##### Records provided

definition hecke_rels :: "helt set" where
  "hecke_rels =
     {basis [i, i] - smul (qq - inverse qq) (basis [i]) - basis [] | i. 1 \<le> i}
   \<union> {basis [i, Suc i, i] - basis [Suc i, i, Suc i] | i. 1 \<le> i}
   \<union> {basis [i, j] - basis [j, i] | i j. 1 \<le> i \<and> 1 \<le> j \<and> (i + 1 < j \<or> j + 1 < i)}"

section \<open>The space T~(V) = (+)_d V^{(x)d} (x)_{H_d} H_infinity, via representatives\<close>

text \<open>A basis representative (I, u) with I = [i_1, ..., i_d] (so I ! (k-1) = i_k) stands
  for e_{i_d} ... e_{i_1} (x) T_u. Representatives are formal K-linear combinations of
  such pairs; T~(V) is the space of valid representatives modulo the subspace Rel.\<close>

type_synonym tvec = "(nat list \<times> hword) \<Rightarrow>\<^sub>0 K"

definition valid_idx :: "nat \<Rightarrow> nat \<Rightarrow> nat list \<Rightarrow> bool" where
  "valid_idx m n I \<longleftrightarrow> set I \<subseteq> {1..m+n}"

definition valid_word :: "hword \<Rightarrow> bool" where
  "valid_word u \<longleftrightarrow> 0 \<notin> set u"

definition validv :: "nat \<Rightarrow> nat \<Rightarrow> tvec \<Rightarrow> bool" where
  "validv m n x \<longleftrightarrow> (\<forall>(I, u) \<in> Poly_Mapping.keys x. valid_idx m n I \<and> valid_word u)"

definition tens :: "nat list \<Rightarrow> helt \<Rightarrow> tvec" where
  "tens I h = lext (\<lambda>w. basis (I, w)) h"

definition tensv :: "(nat list \<Rightarrow>\<^sub>0 K) \<Rightarrow> hword \<Rightarrow> tvec" where
  "tensv v u = lext (\<lambda>I. basis (I, u)) v"

text \<open>The right action e_I . T_k on V^{(x)d} (1 \<le> k < d).\<close>
definition actT :: "nat \<Rightarrow> nat list \<Rightarrow> nat \<Rightarrow> (nat list \<Rightarrow>\<^sub>0 K)" where
  "actT m I k =
    (let a = I ! (k - 1); b = I ! k; J = I[k - 1 := b, k := a] in
     if a > b then smul (psign m a b) (basis J)
     else if a = b then smul ((-1) ^ par m a * qi m a) (basis I)
     else smul (psign m a b) (basis J) + smul (qq - inverse qq) (basis I))"

definition relgen :: "nat \<Rightarrow> nat \<Rightarrow> tvec set" where
  "relgen m n =
     {tens I (hmul (basis a) (hmul r (basis b))) | I a b r.
        valid_idx m n I \<and> valid_word a \<and> valid_word b \<and> r \<in> hecke_rels}
   \<union> {tensv (actT m I k) u - basis (I, k # u) | I k u.
        valid_idx m n I \<and> valid_word u \<and> 1 \<le> k \<and> k < length I}"

definition Rel :: "nat \<Rightarrow> nat \<Rightarrow> tvec set" where
  "Rel m n = kspan (relgen m n)"

definition teq :: "nat \<Rightarrow> nat \<Rightarrow> tvec \<Rightarrow> tvec \<Rightarrow> bool" where
  "teq m n x y \<longleftrightarrow> x - y \<in> Rel m n"

definition Le :: "nat \<Rightarrow> tvec \<Rightarrow> tvec" where
  "Le i = lext (\<lambda>(I, u). basis (I @ [i], u))"

definition Lh :: "helt \<Rightarrow> tvec \<Rightarrow> tvec" where
  "Lh h = lext (\<lambda>(I, u). tens I (hmul (hshift (length I) h) (basis u)))"

definition LT1pow :: "int \<Rightarrow> tvec \<Rightarrow> tvec" where
  "LT1pow e = Lh (hTpow 1 e)"

definition Kinv :: "nat \<Rightarrow> nat \<Rightarrow> tvec \<Rightarrow> tvec" where
  "Kinv m i = lext (\<lambda>(I, u). smul (inverse (qi m i) ^ count_list I i) (basis (I, u)))"

definition Lstar :: "nat \<Rightarrow> nat \<Rightarrow> tvec \<Rightarrow> tvec" where
  "Lstar m j = lext (\<lambda>(I, u).
     \<Sum>k\<in>{1..length I}.
       if I ! (k - 1) = j then
         smul ((-1) ^ (par m j * (\<Sum>p\<in>{k+1..length I}. par m (I ! (p - 1))))
               * (\<Prod>p\<in>{1..<k}. if I ! (p - 1) = j then inverse (qi m j) else 1))
              (tens (take (k - 1) I @ drop k I)
                    (hmul (hprod (map (\<lambda>p. hTpow (p - 1) (- gam j (I ! (p - 1))))
                                      (rev [k+1..<length I + 1])))
                          (basis u)))
       else 0)"

end

theory Submission
  imports Defs
begin

text \<open>
  All computations happen on representatives, modulo the span \<open>Rel\<close> of the Hecke relations and of
  the relations defining the tensor product over \<open>\<H>\<^sub>d\<close>; this span is stable under \<open>L(e\<^sub>a)\<close> and
  \<open>L(h)\<close>, so these operators descend to the quotient.

  The third relation even holds on the nose: in \<open>L(e\<^sub>i\<^sup>*)(e\<^sub>j e\<^sub>I \<otimes> T)\<close> the summand that contracts the new
  letter \<open>e\<^sub>j\<close> is \<open>K\<^sub>i\<^sup>-\<^sup>1(e\<^sub>I \<otimes> T)\<close>, and each other summand acquires exactly one more factor \<open>g\<^sub>i(e\<^sub>j)\<close>.
  The first relation is the defining relation for \<open>e\<^sub>I . T\<^sub>k\<close> applied to the top two letters.
  The second is proved on basis vectors by induction on the length of \<open>I\<close>: pulling the last letter
  \<open>e\<^sub>a\<close> out of both sides with the third relation, the terms where \<open>e\<^sub>a\<close> passes both dual vectors
  reduce to the induction hypothesis, because \<open>T\<^sub>1\<^sup>\<plusminus>\<^sup>1\<close> moves through \<open>L(e\<^sup>*)\<close> as \<open>T\<^sub>2\<^sup>\<plusminus>\<^sup>1\<close> (which commutes
  with the far generators produced by \<open>L(e\<^sup>*)\<close>), followed by a braid relation with mixed exponents;
  the terms where \<open>e\<^sub>a\<close> is contracted reduce to the quadratic relation for \<open>T\<^sub>1\<close>.
\<close>

section \<open>Finite linear combinations\<close>

lemma lookup_smul[simp]: "Poly_Mapping.lookup (smul c x) k = c * Poly_Mapping.lookup x k"
  by (simp add: smul_def Poly_Mapping.map.rep_eq when_def)

lemma lookup_basis: "Poly_Mapping.lookup (basis b) k = (if b = k then 1 else 0)"
  by (simp add: basis_def lookup_single when_def)

lemma keys_basis[simp]: "Poly_Mapping.keys (basis b) = {b}"
  by (simp add: basis_def)

lemma keys_smul: "Poly_Mapping.keys (smul c x) \<subseteq> Poly_Mapping.keys x"
  by (auto simp: in_keys_iff)

lemma keys_diff: "Poly_Mapping.keys (x - y) \<subseteq> Poly_Mapping.keys x \<union> Poly_Mapping.keys y"
  by (auto simp: in_keys_iff lookup_minus)

lemma smul_add: "smul c (x + y) = smul c x + smul c y"
  by (rule poly_mapping_eqI) (simp add: lookup_add algebra_simps)

lemma smul_add_left: "smul (c + d) x = smul c x + smul d x"
  by (rule poly_mapping_eqI) (simp add: lookup_add algebra_simps)

lemma smul_diff: "smul c (x - y) = smul c x - smul c y"
  by (rule poly_mapping_eqI) (simp add: lookup_minus algebra_simps)

lemma smul_smul[simp]: "smul c (smul d x) = smul (c * d) x"
  by (rule poly_mapping_eqI) (simp)

lemma smul_zero[simp]: "smul c 0 = 0"
  by (rule poly_mapping_eqI) (simp)

lemma smul_0[simp]: "smul 0 x = 0"
  by (rule poly_mapping_eqI) (simp)

lemma smul_1[simp]: "smul 1 x = x"
  by (rule poly_mapping_eqI) (simp)

lemma smul_m1: "smul (-1) x = - x"
  by (rule poly_mapping_eqI) (simp)

lemma smul_sum: "smul c (sum f S) = (\<Sum>s\<in>S. smul c (f s))"
  by (induction S rule: infinite_finite_induct) (auto simp: smul_add)

lemma lext_eq_sum:
  assumes "finite S" "Poly_Mapping.keys x \<subseteq> S"
  shows "lext f x = (\<Sum>b\<in>S. smul (Poly_Mapping.lookup x b) (f b))"
  unfolding lext_def
  by (rule sum.mono_neutral_left) (use assms in \<open>auto simp: in_keys_iff\<close>)

lemma lext_add: "lext f (x + y) = lext f x + lext f y"
proof -
  let ?S = "Poly_Mapping.keys x \<union> Poly_Mapping.keys y"
  have "Poly_Mapping.keys (x + y) \<subseteq> ?S" by (rule keys_add)
  then show ?thesis
    by (simp add: lext_eq_sum[of ?S] lookup_add smul_add_left sum.distrib)
qed

lemma lext_smul: "lext f (smul c x) = smul c (lext f x)"
  by (simp add: lext_eq_sum[of "Poly_Mapping.keys x"] keys_smul smul_sum)

lemma lext_basis[simp]: "lext f (basis b) = f b"
  by (simp add: lext_def basis_def)

lemma lext_cong: "(\<And>b. b \<in> Poly_Mapping.keys x \<Longrightarrow> f b = g b) \<Longrightarrow> lext f x = lext g x"
  by (simp add: lext_def)

lemma lext_fun_add: "lext (\<lambda>b. f b + g b) x = lext f x + lext g x"
  by (simp add: lext_def smul_add sum.distrib)

lemma lext_fun_smul: "lext (\<lambda>b. smul c (f b)) x = smul c (lext f x)"
  by (simp add: lext_def smul_sum mult.commute)

lemma sum_delta_mult: "finite K \<Longrightarrow> (\<Sum>xa\<in>K. f xa * (if xa = k then 1 else 0)) = (if k \<in> K then f k else (0::K))"
proof -
  assume "finite K"
  have "(\<Sum>xa\<in>K. f xa * (if xa = k then 1 else 0)) = (\<Sum>xa\<in>K. if xa = k then f xa else 0)"
    by (rule sum.cong) auto
  then show ?thesis using \<open>finite K\<close> by (simp add: sum.delta')
qed

lemma lext_basis_id: "lext basis x = x"
  by (rule poly_mapping_eqI)
     (auto simp: lext_def lookup_sum lookup_basis sum_delta_mult in_keys_iff)

lemma keys_lext: "Poly_Mapping.keys (lext f x) \<subseteq> (\<Union>b\<in>Poly_Mapping.keys x. Poly_Mapping.keys (f b))"
proof -
  have "Poly_Mapping.keys (lext f x) \<subseteq> (\<Union>b\<in>Poly_Mapping.keys x. Poly_Mapping.keys (smul (Poly_Mapping.lookup x b) (f b)))"
    unfolding lext_def by (rule keys_sum)
  also have "\<dots> \<subseteq> (\<Union>b\<in>Poly_Mapping.keys x. Poly_Mapping.keys (f b))"
    by (intro UN_mono subset_refl keys_smul)
  finally show ?thesis .
qed

definition lin :: "(('a \<Rightarrow>\<^sub>0 K) \<Rightarrow> ('b \<Rightarrow>\<^sub>0 K)) \<Rightarrow> bool" where
  "lin g \<longleftrightarrow> (\<forall>x y. g (x + y) = g x + g y) \<and> (\<forall>c x. g (smul c x) = smul c (g x))"

lemma lin_lext: "lin (lext f)"
  by (simp add: lin_def lext_add lext_smul)

lemma lin_add: "lin g \<Longrightarrow> g (x + y) = g x + g y" by (simp add: lin_def)

lemma lin_smul: "lin g \<Longrightarrow> g (smul c x) = smul c (g x)" by (simp add: lin_def)

lemma lin_zero: "lin g \<Longrightarrow> g 0 = 0"
  using lin_smul[of g 0 0] by simp

lemma lin_uminus: "lin g \<Longrightarrow> g (- x) = - g x"
  using lin_smul[of g "-1" x] by (simp add: smul_m1)

lemma lin_diff: "lin g \<Longrightarrow> g (x - y) = g x - g y"
  using lin_add[of g x "-y"] lin_uminus[of g y] by simp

##########

* Work order: Find the word "vectors" in the entries, and copy every line it shows up in.

* Your response:
  The second is proved on basis vectors by induction on the length of \<open>I\<close>: pulling the last letter
  \<open>e\<^sub>a\<close> out of both sides with the third relation, the terms where \<open>e\<^sub>a\<close> passes both dual vectors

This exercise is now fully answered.